To see a demonstration of both methods:

🎥 Rideshare - Loading data using a Rake task and Shell Script

Security Goals

The Principle of least privilege1 is followed by creating explicit GRANT commands for the owner, app, and app_readonly users.

The configuration is based on My GOTO Postgres Configuration for Web Services.2 One of the other goals besides minimizing access, is to prevent accidental table drops.

Since the schema rideshare is created, the public schema is not needed and is removed.

For psql commands, use a DATABASE_URL environment variable that's set in your terminal.

The connection string connects to the Rideshare database, using the owner user.

The value of DATABASE_URL is a connection string, with the format protocol://role:password@host:port/databasename. An example is checked in to .env.

Configuring Host Based Authentication (HBA)

You may want to configure Host Based Authentication (HBA)3.

Do that by editing your pg_hba.conf file. Changes in pg_hba.conf can be applied by reloading PostgreSQL.

Reloading your PostgreSQL configuration

Finding config file: psql -U postgres -c 'SHOW config_file'

To reload your configuration, run: pg_ctl reload in your terminal. If you run into the following message, read on for more information.

pg_ctl: no database directory specified and environment variable PGDATA unset
Try "pg_ctl --help" for more information.

This command assumes the PGDATA environment variable is set, and points to the data directory for your PostgreSQL installation.

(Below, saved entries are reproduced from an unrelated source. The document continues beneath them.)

lemma strongly_rickart_iff_fully_faithful_image:
  assumes C: "category C" and D: "category D"
    and F: "is_functor C D F0 F1" and ff: "fully_faithful C D F0 F1"
    and kernels: "\<And>f. f \<in> Arr C \<Longrightarrow> \<exists>k. is_kernel C f k"
    and preserves: "\<And>f k. is_kernel C f k \<Longrightarrow> is_kernel D (F1 f) (F1 k)"
    and M: "M \<in> Obj C" and N: "N \<in> Obj C"
  shows "strongly_rickart C M N \<longleftrightarrow> strongly_rickart D (F0 M) (F0 N)"
proof
  assume rickart: "strongly_rickart C M N"
  show "strongly_rickart D (F0 M) (F0 N)"
    unfolding strongly_rickart_def
  proof (intro ballI allI impI)
    fix f' k' assume f': "f' \<in> hom D (F0 M) (F0 N)" and k': "is_kernel D f' k'"
    obtain f where f: "f \<in> hom C M N" "F1 f = f'" using fully_faithful_full[OF ff M N f'] by blast
    obtain k where k: "is_kernel C f k" using kernels f(1) by (auto simp: hom_def)
    have k_hom: "k \<in> hom C (Dom C k) M" using kernelD(2,3)[OF k] f(1) by (simp add: hom_def)
    have Fk: "is_kernel D f' (F1 k)" using preserves[OF k] f(2) by simp
    have "is_section C k" "fully_invariant C k" using rickart f(1) k by (auto simp: strongly_rickart_def)
    then have "is_section D (F1 k)" "fully_invariant D (F1 k)"
      using functor_preserves_section[OF C F]
        fully_faithful_preserves_invariance[OF F ff C k_hom _ kernel_mono[OF D Fk]] by auto
    then show "is_section D k' \<and> fully_invariant D k'"
      using section_if_kernel_of_same[OF D Fk k'] fully_invariant_if_kernel_of_same[OF D Fk k']
      by blast
  qed
next
  assume rickart: "strongly_rickart D (F0 M) (F0 N)"
  show "strongly_rickart C M N"
    unfolding strongly_rickart_def
  proof (intro ballI allI impI)
    fix f k assume f: "f \<in> hom C M N" and k: "is_kernel C f k"
    have k_hom: "k \<in> hom C (Dom C k) M" using kernelD(2,3)[OF k] f by (simp add: hom_def)
    have "is_section D (F1 k)" "fully_invariant D (F1 k)"
      using rickart functor_hom[OF F f] preserves[OF k] by (auto simp: strongly_rickart_def)
    then show "is_section C k \<and> fully_invariant C k"
      using fully_faithful_reflects_section[OF C F ff k_hom]
        fully_faithful_reflects_invariance[OF F ff C k_hom kernel_mono[OF C k]] by blast
  qed
qed

lemma dual_strongly_rickart_iff_fully_faithful_image:
  assumes C: "category C" and D: "category D"
    and F: "is_functor C D F0 F1" and ff: "fully_faithful C D F0 F1"
    and cokernels: "\<And>f. f \<in> Arr C \<Longrightarrow> \<exists>c. is_cokernel C f c"
    and preserves: "\<And>f c. is_cokernel C f c \<Longrightarrow> is_cokernel D (F1 f) (F1 c)"
    and M: "M \<in> Obj C" and N: "N \<in> Obj C"
  shows "dual_strongly_rickart C M N \<longleftrightarrow> dual_strongly_rickart D (F0 M) (F0 N)"
  using strongly_rickart_iff_fully_faithful_image[OF op_category[OF C] op_category[OF D]
      op_functor[OF F] op_fully_faithful[OF ff], of N M] cokernels preserves M N
  by (simp add: op_strongly_rickart)

section \<open>Adjunctions\<close>

locale adjoint =
  fixes C :: "('a, 'b) cat" and D :: "('c, 'd) cat"
    and L0 :: "'a \<Rightarrow> 'c" and L1 :: "'b \<Rightarrow> 'd" and G0 :: "'c \<Rightarrow> 'a" and G1 :: "'d \<Rightarrow> 'b"
    and \<eta> :: "'a \<Rightarrow> 'b"
  assumes cat_C: "category C" and cat_D: "category D"
    and left_functor: "is_functor C D L0 L1" and right_functor: "is_functor D C G0 G1"
    and unit_hom: "X \<in> Obj C \<Longrightarrow> \<eta> X \<in> hom C X (G0 (L0 X))"
    and unit_natural: "h \<in> hom C U V \<Longrightarrow> Cmp C (G1 (L1 h)) (\<eta> U) = Cmp C (\<eta> V) h"
    and transpose_exists: "X \<in> Obj C \<Longrightarrow> Y \<in> Obj D \<Longrightarrow> g \<in> hom C X (G0 Y) \<Longrightarrow>
      \<exists>f. f \<in> hom D (L0 X) Y \<and> Cmp C (G1 f) (\<eta> X) = g"
    and transpose_inj: "X \<in> Obj C \<Longrightarrow> f \<in> hom D (L0 X) Y \<Longrightarrow> f' \<in> hom D (L0 X) Y \<Longrightarrow>
      Cmp C (G1 f) (\<eta> X) = Cmp C (G1 f') (\<eta> X) \<Longrightarrow> f = f'"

Run echo $PGDATA to confirm it's set and see the value. How do you set the value if it's empty? Run the following commands in your terminal:

# Look up the value
psql -U postgres -c 'SHOW data_directory'

# Assign the value to PGDATA
export PGDATA="$(psql -U postgres \
  -c 'SHOW data_directory' \
  --tuples-only | sed 's/^[ \t]*//')"
echo "Set PGDATA: $PGDATA"

When you've confirmed PGDATA is set, run pg_ctl reload again. The command should reload the PostgreSQL config, referencing your data directory via PGDATA.

Docker

Reset everything:

sh reset_docker_instances.sh

Tear down docker:

sh teardown_docker.sh

Slow Clients

Replace config/database.yml (or just the "slow clients" section)

cp config/database-slow-clients.sample.yml config/database.yml

With that in place, create a model:

class SlowClientModel < ApplicationRecord
  self.establish_connection :slow_clients
end

Run query code that takes 5 seconds, and verify that it's canceled in the normal configuration.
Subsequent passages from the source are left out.